В родильном зале номер три стояла тишина, которую акушеры боятся больше всего. Обычно роды — это шумно. Это крики, тяжелое дыхание, подбадривания персонала, а затем — оглушительный, спасительный плач новорожденного. Но сейчас здесь слышался лишь мерный, монотонный стук аппарата КТГ, фиксирующий угасающий ритм маленького, еще не рожденного сердца.
Андрей Владимирович Самойлов, врач-акушер-гинеколог с двадцатилетним стажем, стоял у акушерского кресла. Его руки в стерильных перчатках делали свое дело уверенно, на автомате, но мысли метались на огромной скорости. Ситуация была критической. Двадцать две недели беременности. Экстремально ранняя отслойка нормально расположенной плаценты. Массированное кровотечение.
На кушетке металась Анна — тоненькая, бледная женщина двадцати восьми лет. Это была ее первая, долгожданная, выстраданная беременность после пяти лет бесплодия и нескольких кругов ада искусственного оплодотворения. Андрей Владимирович знал эту пару. Он вел Анну, видел, как светились глаза ее мужа Олега, который сейчас сидел в коридоре, сжав голову руками.
— Андрей Владимирович, давление падает, девяносто на шестьдесят, — тихо, но отчетливо произнесла анестезиолог Марина. — Кровопотеря растет. Надо ускоряться.

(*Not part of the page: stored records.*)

lemma shifted_mech_word_occ_right_nbhd:
  fixes \<alpha> :: real and k :: nat
  defines "g \<equiv> \<lambda>n. if n = 0 then 0 else mech_word \<alpha> (n - 1)"
    and "u \<equiv> map (mech_word \<alpha>) [0..<k]"
  assumes "\<alpha> \<notin> \<rat>" "0 < \<alpha>" "\<alpha> < 1"
  obtains \<delta> where "\<delta> > 0" "right_nbhd \<alpha> \<delta> \<subseteq> occ g (0 # u)" "right_nbhd (- \<alpha>) \<delta> \<subseteq> occ g (1 # u)"
proof -
  obtain \<delta> where \<delta>: "\<delta> > 0" "\<forall>n\<in>bohr_nbhd \<alpha> \<delta>. \<forall>i<k. mech_word \<alpha> (n + i) = mech_word \<alpha> i"
    using mech_word_prefix_bohr_nbhd[OF assms(3)] by blast
  define \<delta>' where "\<delta>' = min \<delta> (min \<alpha> (1 - \<alpha>))"
  have occ_g: "n \<in> occ g (mech_word \<alpha> (n - 1) # u)" if "n \<in> bohr_nbhd \<alpha> \<delta>'" "n > 0" for n
  proof -
    have "bohr_nbhd \<alpha> \<delta>' \<subseteq> bohr_nbhd \<alpha> \<delta>" unfolding bohr_nbhd_def \<delta>'_def by auto
    then have "Suc n \<in> occ g u"
      using \<delta>(2) that unfolding u_def occ_def g_def by auto
    then show ?thesis unfolding occ_Cons_iff g_def using \<open>n > 0\<close> by simp
  qed
  have "right_nbhd \<alpha> \<delta>' \<subseteq> occ g (0 # u)"
  proof
    fix n assume n: "n \<in> right_nbhd \<alpha> \<delta>'"
    then have "n > 0" unfolding right_nbhd_def by (cases n) auto
    moreover from n this have "mech_word \<alpha> (n - 1) = 0"
      unfolding right_nbhd_def mech_word_def \<delta>'_def by simp
    ultimately show "n \<in> occ g (0 # u)"
      using occ_g[of n] n right_nbhd_subset_bohr_nbhd[of \<alpha> \<delta>'] by auto
  qed
  moreover have "right_nbhd (- \<alpha>) \<delta>' \<subseteq> occ g (1 # u)"
  proof
    fix n assume n: "n \<in> right_nbhd (- \<alpha>) \<delta>'"
    then have "n > 0" unfolding right_nbhd_uminus by (cases n) auto
    moreover from n this have "mech_word \<alpha> (n - 1) = 1"
      unfolding right_nbhd_uminus mech_word_def \<delta>'_def by auto
    ultimately show "n \<in> occ g (1 # u)"
      using occ_g[of n] n right_nbhd_uminus_subset_bohr_nbhd[of \<alpha> \<delta>'] by auto
  qed
  moreover have "\<delta>' > 0" unfolding \<delta>'_def using \<delta>(1) assms by auto
  ultimately show thesis using that by blast
qed

section \<open>The Fibonacci word is mechanical\<close>

definition fib_slope :: real where
  "fib_slope = (3 - sqrt 5) / 2"

lemma fib_slope_sq: "fib_slope * fib_slope = 3 * fib_slope - 1"
  unfolding fib_slope_def by (simp add: field_simps)

lemma fib_slope_bounds: "0 < fib_slope" "fib_slope < 1 / 2"
proof -
  have "2 < sqrt 5" "sqrt 5 < 3"
    by (simp_all add: real_less_rsqrt real_less_lsqrt)
  then show "0 < fib_slope" "fib_slope < 1 / 2" unfolding fib_slope_def by auto
qed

Самойлов кивнул. Перед ним стояла страшная дилемма, классический капкан медицинской этики, о котором пишут в учебниках, но к которому невозможно подготовиться в реальности. Законы неонатологии и инструкции Минздрава дают четкие границы жизнеспособности плода. Двадцать две недели — это самый край. Вес ребенка по УЗИ едва превышал пятьсот граммов. В таких случаях шансы на выживание исчисляются единицами процентов. Но страшнее было другое: шансы на то, что этот ребенок, если его удастся реанимировать, останется глубоким, безнадежным инвалидом с тотальным поражением центральной нервной системы, слепотой и глухотой, стремились к ста процентам.
Андрей Владимирович должен был принять решение. Формально, по протоколу, он обязан делать все для спасения плода. Но как врач он понимал, что агрессивная реанимация сейчас может превратить жизнь этой семьи в бесконечный, неизбывный кошмар, а саму Анну подвергнуть смертельному риску из-за продолжающегося кровотечения.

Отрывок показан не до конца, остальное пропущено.